Analysis of 3D Anisotropic Solids Using Fundamental Solutions Based on Fourier Series and the Adaptive Cross Approximation Method

• Published in: Computer modeling in engineering & sciences Vol. 102; no. 5; pp. 359 - 372
• Main Authors: Rodríguez, R Q, Tan, C L, Sollero, P, Albuquerque, E L
• Format: Journal Article
• Language: English
• Published: Henderson Tech Science Press 2014
• Subjects: Anisotropy; Approximation; Boundary element method; Computation; Computational efficiency; Fourier series; Mathematical analysis; Mathematical models; Matrix methods; Three dimensional
• ISSN: 1526-1492; 1526-1506
• DOI: 10.3970/cmes.2014.102.359

The efficient evaluation of the fundamental solution for 3D general anisotropic elasticity is a subject of great interest in the BEM community due to its mathematical complexity. Recently, Tan, Shiah, andWang (2013) have represented the algebraically explicit form of it developed by Ting and Lee (Ting and Lee, 1997; Lee, 2003) by a computational efficient double Fourier series.
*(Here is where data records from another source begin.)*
lemma L_spectrum_preserver_swap_image:
  fixes \<phi> :: "mat2 \<Rightarrow> mat2"
  assumes "linear \<phi>" and spec: "\<And>A. L_spectrum (\<phi> A) = L_spectrum A" and "i \<noteq> j"
  defines "B \<equiv> orthant_form (\<phi> (Emat 1 2 + Emat 2 1))"
  shows "(0 < B$j$i \<longrightarrow> B$i$i = -1) \<and> (B$j$i < 0 \<longrightarrow> B$i$i = 1)"
proof (intro conjI impI)
  let ?C = "Emat 1 2 + Emat 2 1"
  let ?conj = "\<lambda>Z. orthant_to_lorentz ** Z ** lorentz_to_orthant"
  have form_perturbed: "orthant_form (X + t *\<^sub>R Z) = orthant_form X + t *\<^sub>R orthant_form Z"
    for X Z t
    by (simp add: linear_add[OF linear_orthant_form] linear_scale[OF linear_orthant_form])
  have "L_spectrum (?C + t *\<^sub>R ?conj (- Emat 2 1)) \<subseteq> {-1}" if "0 < t" for t
  proof -
    have "orthant_form (?C + t *\<^sub>R ?conj (- Emat 2 1)) = Emat 1 1 - Emat 2 2 - t *\<^sub>R Emat 2 1"
      unfolding form_perturbed orthant_form_swap orthant_form_of_conj by simp
    then show ?thesis
      unfolding L_spectrum_eq_pareto_spectrum
      using pareto_spectrum_triangular_2[of 1 2 "Emat 1 1 - Emat 2 2 - t *\<^sub>R Emat 2 1"] that
      by (simp add: Emat_def)
  qed
  then show "0 < B$j$i \<Longrightarrow> B$i$i = -1"
    unfolding B_def by (rule L_spectrum_preserver_perturbation[OF assms(1) spec _ \<open>i \<noteq> j\<close>])
  have "L_spectrum (- ?C + t *\<^sub>R ?conj (- Emat 1 2)) \<subseteq> {-1}" if "0 < t" for t
  proof -
    have "orthant_form (- ?C + t *\<^sub>R ?conj (- Emat 1 2)) = Emat 2 2 - Emat 1 1 - t *\<^sub>R Emat 1 2"
      unfolding form_perturbed linear_neg[OF linear_orthant_form] orthant_form_swap
        orthant_form_of_conj by simp
    then show ?thesis
      unfolding L_spectrum_eq_pareto_spectrum
      using pareto_spectrum_triangular_2[of 2 1 "Emat 2 2 - Emat 1 1 - t *\<^sub>R Emat 1 2"] that
      by (simp add: Emat_def)
  qed
  note neg_perturbation = L_spectrum_preserver_perturbation[OF assms(1) spec this \<open>i \<noteq> j\<close>]
  have "orthant_form (\<phi> (- ?C)) = - B"
    unfolding B_def linear_neg[OF assms(1)] linear_neg[OF linear_orthant_form] ..
  with neg_perturbation show "B$j$i < 0 \<Longrightarrow> B$i$i = 1"
    by simp
qed
lemma abs_diff_le_integral_abs_deriv:
  assumes "has_weak_deriv01 f g" and "x \<in> {0..1}" and "y \<in> {0..1}"
  shows "\<bar>f x - f y\<bar> \<le> integral {0..1} (\<lambda>t. \<bar>g t\<bar>)"
proof -
  have g: "g integrable_on {0..1}" and abs_g: "(\<lambda>t. \<bar>g t\<bar>) integrable_on {0..1}"
    using has_weak_deriv01_set_integrable[OF assms(1)]
    by (auto intro: set_borel_integral_eq_integral(1) set_integrable_abs)
  have "\<bar>f b - f a\<bar> \<le> integral {0..1} (\<lambda>t. \<bar>g t\<bar>)" if "0 \<le> a" "a \<le> b" "b \<le> 1" for a b
  proof -
    have "f b - f a = integral {0..b} g - integral {0..a} g"
      using that has_weak_deriv01_integral[OF assms(1), of a] has_weak_deriv01_integral[OF assms(1), of b]
      by simp
    also have "\<dots> = integral {a..b} g"
      using Henstock_Kurzweil_Integration.integral_combine[OF that(1,2) integrable_on_subinterval[OF g]] that by simp
    also have "\<bar>\<dots>\<bar> \<le> integral {a..b} (\<lambda>t. \<bar>g t\<bar>)"
      using integral_norm_bound_integral[of g "{a..b}" "\<lambda>t. \<bar>g t\<bar>"]
        integrable_on_subinterval[OF g] integrable_on_subinterval[OF abs_g] that by simp
    also have "\<dots> \<le> integral {0..1} (\<lambda>t. \<bar>g t\<bar>)"
      by (rule integral_subset_le) (use that abs_g integrable_on_subinterval[OF abs_g] in auto)
    finally show ?thesis .
  qed
  from this[of x y] this[of y x] assms(2,3) show ?thesis
    by (cases "x \<le> y") (auto simp: abs_minus_commute)
qed

lemma mean_zero_abs_le_integral_abs_deriv:
  assumes "has_weak_deriv01 f g" and "int01 f = 0" and "x \<in> {0..1}"
  shows "\<bar>f x\<bar> \<le> integral {0..1} (\<lambda>t. \<bar>g t\<bar>)"
proof -
  have f: "f integrable_on {0..1}"
    using has_weak_deriv01_continuous_on[OF assms(1)] by (rule integrable_continuous_interval)
  have "f x = integral {0..1} (\<lambda>y. f x - f y)"
    using assms(2) int01_eq_integral[OF has_weak_deriv01_continuous_on[OF assms(1)]]
    by (simp add: integral_diff[OF integrable_const_ivl f])
  also have "\<bar>\<dots>\<bar> \<le> integral {0..1} (\<lambda>t. \<bar>g t\<bar>)"
    using has_weak_deriv01_continuous_on[OF assms(1)] abs_diff_le_integral_abs_deriv[OF assms(1,3)]
    by (intro abs_integral_le_bound_01 continuous_on_diff continuous_on_const) auto
  finally show ?thesis .
qed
The Fourier coefficients are numerically evaluated only once for a specific material and are independent of the number of field points in the BEM analysis. This work deals with the application of hierarchical matrices and low rank approximations, applying the Adaptive Cross Approximation (ACA) to treat 3D general anisotropic solids in BEM using this Green’s function based on Fourier series. The use of hierarchical format is aimed at reducing the storage requirements of the system matrices and the computational effort in the BEM analysis of large systems. Numerical examples are presented to show the successful implementation of using ACA and the formulation based on Fourier series for BEM analysis of 3D anisotropic solids.